Stream ecosystem responses to spatially variable land cover: an empirically based model for developing riparian restoration strategies

1. The restoration of native, forested riparian habitats is a widely accepted method for improving degraded streams. Little is known, however, about how the width, extent and continuity of forested vegetation along stream networks affect stream ecosystems. 2. To increase the likelihood of achieving restoration goals, restoration practitioners require quantitative tools to guide the development of restoration strategies in different catchment settings. We present an empirically based model that establishes a relationship between a 'stress' imposed at different locations along a stream by the spatial pattern of land cover within catchments, and the response of biologically determined ecosystem characteristics to this stress. The model provides a spatially explicit, quantitative framework for predicting the effects of changes in catchment land cover composition and spatial configuration on specific characteristics of stream ecosystems. 3. We used geospatial datasets and biological data for attached algae and benthic macroinvertebrates in streams to estimate model parameters for 40 sites in 33 distinct catchments within the mid-Atlantic Piedmont region of the eastern U.S. Model parameters were estimated using a genetic optimisation algorithm.

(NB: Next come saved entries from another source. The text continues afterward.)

section \<open>Dissipation along the perturbed flow\<close>

lemma lipschitz_perturbed_generator:
  fixes \<Gamma> :: "real^'n::finite \<Rightarrow> real^'n^'n"
  assumes \<Gamma>: "L-lipschitz_on prob_simplex \<Gamma>" and \<pi>: "\<pi> \<in> prob_simplex" "\<pi> v* \<Gamma> \<pi> = 0"
    and p: "p \<in> prob_simplex" and lam: "0 \<le> lam" "lam \<le> 1"
  defines "q \<equiv> lam *\<^sub>R (p - \<pi>) + \<pi>"
  shows "q \<in> prob_simplex"
    and "\<bar>\<Gamma> q $ x $ y - \<Gamma> \<pi> $ x $ y\<bar> \<le> 2 * L * lam"
    and "\<bar>(\<pi> v* \<Gamma> q)$y\<bar> \<le> L * lam * norm (p - \<pi>)"
proof -
  show q: "q \<in> prob_simplex"
    unfolding q_def by (rule prob_simplex_affine_comb[OF p \<pi>(1) lam])
  have "norm (\<Gamma> q - \<Gamma> \<pi>) \<le> L * dist q \<pi>"
    using lipschitz_onD[OF \<Gamma> q \<pi>(1)] by (simp add: dist_norm)
  also have "dist q \<pi> = lam * norm (p - \<pi>)"
    using lam by (simp add: q_def dist_norm)
  finally have close: "norm (\<Gamma> q - \<Gamma> \<pi>) \<le> L * lam * norm (p - \<pi>)"
    by (simp add: mult.assoc)
  have "norm (p - \<pi>) \<le> 2"
    using norm_triangle_ineq4[of p \<pi>] norm_le_one_if_prob_simplex[OF p]
      norm_le_one_if_prob_simplex[OF \<pi>(1)] by linarith
  then have "L * lam * norm (p - \<pi>) \<le> L * lam * 2"
    using lam lipschitz_on_nonneg[OF \<Gamma>] by (intro mult_left_mono) auto
  then have "L * lam * norm (p - \<pi>) \<le> 2 * L * lam"
    by (simp add: algebra_simps)
  then show "\<bar>\<Gamma> q $ x $ y - \<Gamma> \<pi> $ x $ y\<bar> \<le> 2 * L * lam"
    using abs_matrix_entry_le_norm[of "\<Gamma> q - \<Gamma> \<pi>" x y] close by simp
  have "\<pi> v* \<Gamma> q = \<pi> v* (\<Gamma> q - \<Gamma> \<pi>)"
    using \<pi>(2) by (simp add: vector_matrix_mult_def vec_eq_iff sum_subtractf right_diff_distrib)
  then show "\<bar>(\<pi> v* \<Gamma> q)$y\<bar> \<le> L * lam * norm (p - \<pi>)"
    using abs_vector_matrix_mult_le_norm[OF \<pi>(1), of "\<Gamma> q - \<Gamma> \<pi>" y] close by simp
qed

R² values for the resulting relationships between catchment land cover and biological characteristics of streams were substantially improved over R² values for spatially aggregated regression models based on whole-catchment land cover. 4. Using model parameters estimated for the mid-Atlantic Piedmont, we show how the model can be used to guide restoration planning in a case study of a small catchment. The model predicts the quantitative change in biological characteristics of the stream, such as indices of species diversity and species composition, that would occur with the implementation of a hypothetical restoration project.